Prev: PEEEEEEP
Next: Texture units as a general function
From: Robert Myers on 31 Dec 2009 14:38 On Dec 31, 8:30 am, Mayan Moudgill <ma...(a)bestweb.net> wrote: > Any problem that is not I/O bound that can be made solved using a > non-imperative language can be made to work faster in an imperative > language with the appropriate library (i.e. if you can write it in ML, > it can be re-written in C-as-high-level-assembly, and it will perform > better). > > The questions that arise are: > - how much speedup does the C version get? > - how much more effort is it to write the C version? > - how many machines will this version need to support, and how much > rewrite is required to support all these machines? If your original claim is correct even for one machine (and the truth of your claim is not obvious to me, given the lengthy discussion here about memory models), does it then follow that it is also possible for a second, or a third machine? If the cost of rewrite is bounded for one machine (that is to say that, you eventually succeeded in getting the program to work--a least you *think* you got it to work-- correctly), it is bounded for a second or a third machine? I'll accept that Nick is an expert at finding and fixing weird memory problems. From reading his posts, I'm convinced that the memory model of c is not well-defined or even agreed-upon in any practical sense. Thus, not only are you worried about whether your program will work with a second machine, but even with a second compiler with a different notion of critical details of c. So, even if you could do such a rewrite once, whether or not you had a correct translation in any other circumstance would always be an open question. From an economic point of view, the proposed trade doesn't even seem rational: trade a program with transparently correct memory semantics (perhaps because there are no memory semantics to be incorrect) for one that is faster but may or may not do the same thing under some limited set of circumstances.
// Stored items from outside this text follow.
lemma quot_coeffs_eq_iff:
  assumes "F \<in> carrier skew_free" "G \<in> carrier skew_free"
  shows "quot_coeffs F = quot_coeffs G \<longleftrightarrow> (\<lambda>p w. F p w - G p w) \<in> IG"
proof -
  interpret R: ring "free_alg n :: (nat list \<Rightarrow> 'k) ring" by (rule ring_free_alg)
  have coeffs: "F p \<in> carrier (free_alg n)" "G p \<in> carrier (free_alg n)" if "p < r" for p
    using assms that by (auto simp: skew_alg_free_carrier_iff)
  have minus: "F p \<ominus>\<^bsub>free_alg n\<^esub> G p = (\<lambda>w. F p w - G p w)" if "p < r" for p
  proof -
    have "\<ominus>\<^bsub>free_alg n\<^esub> G p = (\<lambda>w. - G p w)"
      using coeffs[OF that] by (intro R.minus_equality) (auto simp: free_alg_def)
    then show ?thesis by (simp add: a_minus_def free_alg_def)
  qed
  have "quot_coeffs F = quot_coeffs G \<longleftrightarrow> (\<forall>p<r. F p \<ominus>\<^bsub>free_alg n\<^esub> G p \<in> I)"
    using R.quotient_eq_iff_same_a_r_cos[OF ideal_I coeffs] by (auto simp: quot_coeffs_def fun_eq_iff)
  also have "\<dots> \<longleftrightarrow> (\<lambda>p w. F p w - G p w) \<in> IG"
    using skew_free_diff_carrier[OF assms] by (auto simp: IG_def minus)
  finally show ?thesis .
qed

lemma path_quotient_hom: "(\<lambda>F. J +>\<^bsub>path_alg n r a\<^esub> skew_to_path F) \<in> ring_hom skew_free QP"
  using ring_hom_trans[OF skew_to_path_hom ideal.rcos_ring_hom[OF ideal_J]] by (simp add: comp_def)

lemma path_quotient_surj: "(\<lambda>F. J +>\<^bsub>path_alg n r a\<^esub> skew_to_path F) ` carrier skew_free = carrier QP"
proof -
  have "skew_to_path ` carrier skew_free = carrier (path_alg n r a)"
    using skew_to_path_carrier skew_to_path_surj by blast
  then show ?thesis by (force simp: FactRing_def A_RCOSETS_def')
qed

lemma path_quotient_eq_iff:
  assumes "F \<in> carrier skew_free" "G \<in> carrier skew_free"
  shows "J +>\<^bsub>path_alg n r a\<^esub> skew_to_path F = J +>\<^bsub>path_alg n r a\<^esub> skew_to_path G
     \<longleftrightarrow> (\<lambda>p w. F p w - G p w) \<in> IG"
proof -
  interpret P: ring "path_alg n r a :: (qpath \<Rightarrow> 'k) ring" by (rule ring_path_alg)
  have "skew_to_path F \<ominus>\<^bsub>path_alg n r a\<^esub> skew_to_path G = skew_to_path (\<lambda>p w. F p w - G p w)"
    using path_alg_minus[OF skew_to_path_carrier[OF assms(2)]]
    by (auto simp: a_minus_def path_alg_def skew_to_path_def to_paths_def fourier_def
        sum_subtractf left_diff_distrib fun_eq_iff)
  then show ?thesis
    using P.quotient_eq_iff_same_a_r_cos[OF ideal_J skew_to_path_carrier skew_to_path_carrier, OF assms]
      skew_to_path_mem_J_iff[OF skew_free_diff_carrier[OF assms]] by simp
qed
From the POV of scientific computing, where reproducibility is essential, the idea that you're never quite sure whether the software will work correctly on two different machines or under two different compilers seems completely unacceptable. Perhaps, on the other hand, because the world of finance is essentially a casino, it's a plausible proposal for a manufacturer of business machines. Robert.
From: Gavin Scott on 31 Dec 2009 18:14 "Andy \"Krazy\" Glew" <ag-news(a)patten-glew.net> wrote: > But that's PERFORMANCE tuning. Speaking of the P word, offhand I can only think of one interesting front in the battle for performance these days, that of executing JavaScript inside web browsers. There are at least three groups actively competing to produce the fastest JavaScript execution engine, based on the idea that this is going to be a key part of success in the upcoming "web os" age. It might be interesting to look at some of that work and their specific challenges as a counterpoint to the usual "we can't do it because C doesn't let us" arguments. It's a different language and environment which is having real money and brainpower thrown at it. G.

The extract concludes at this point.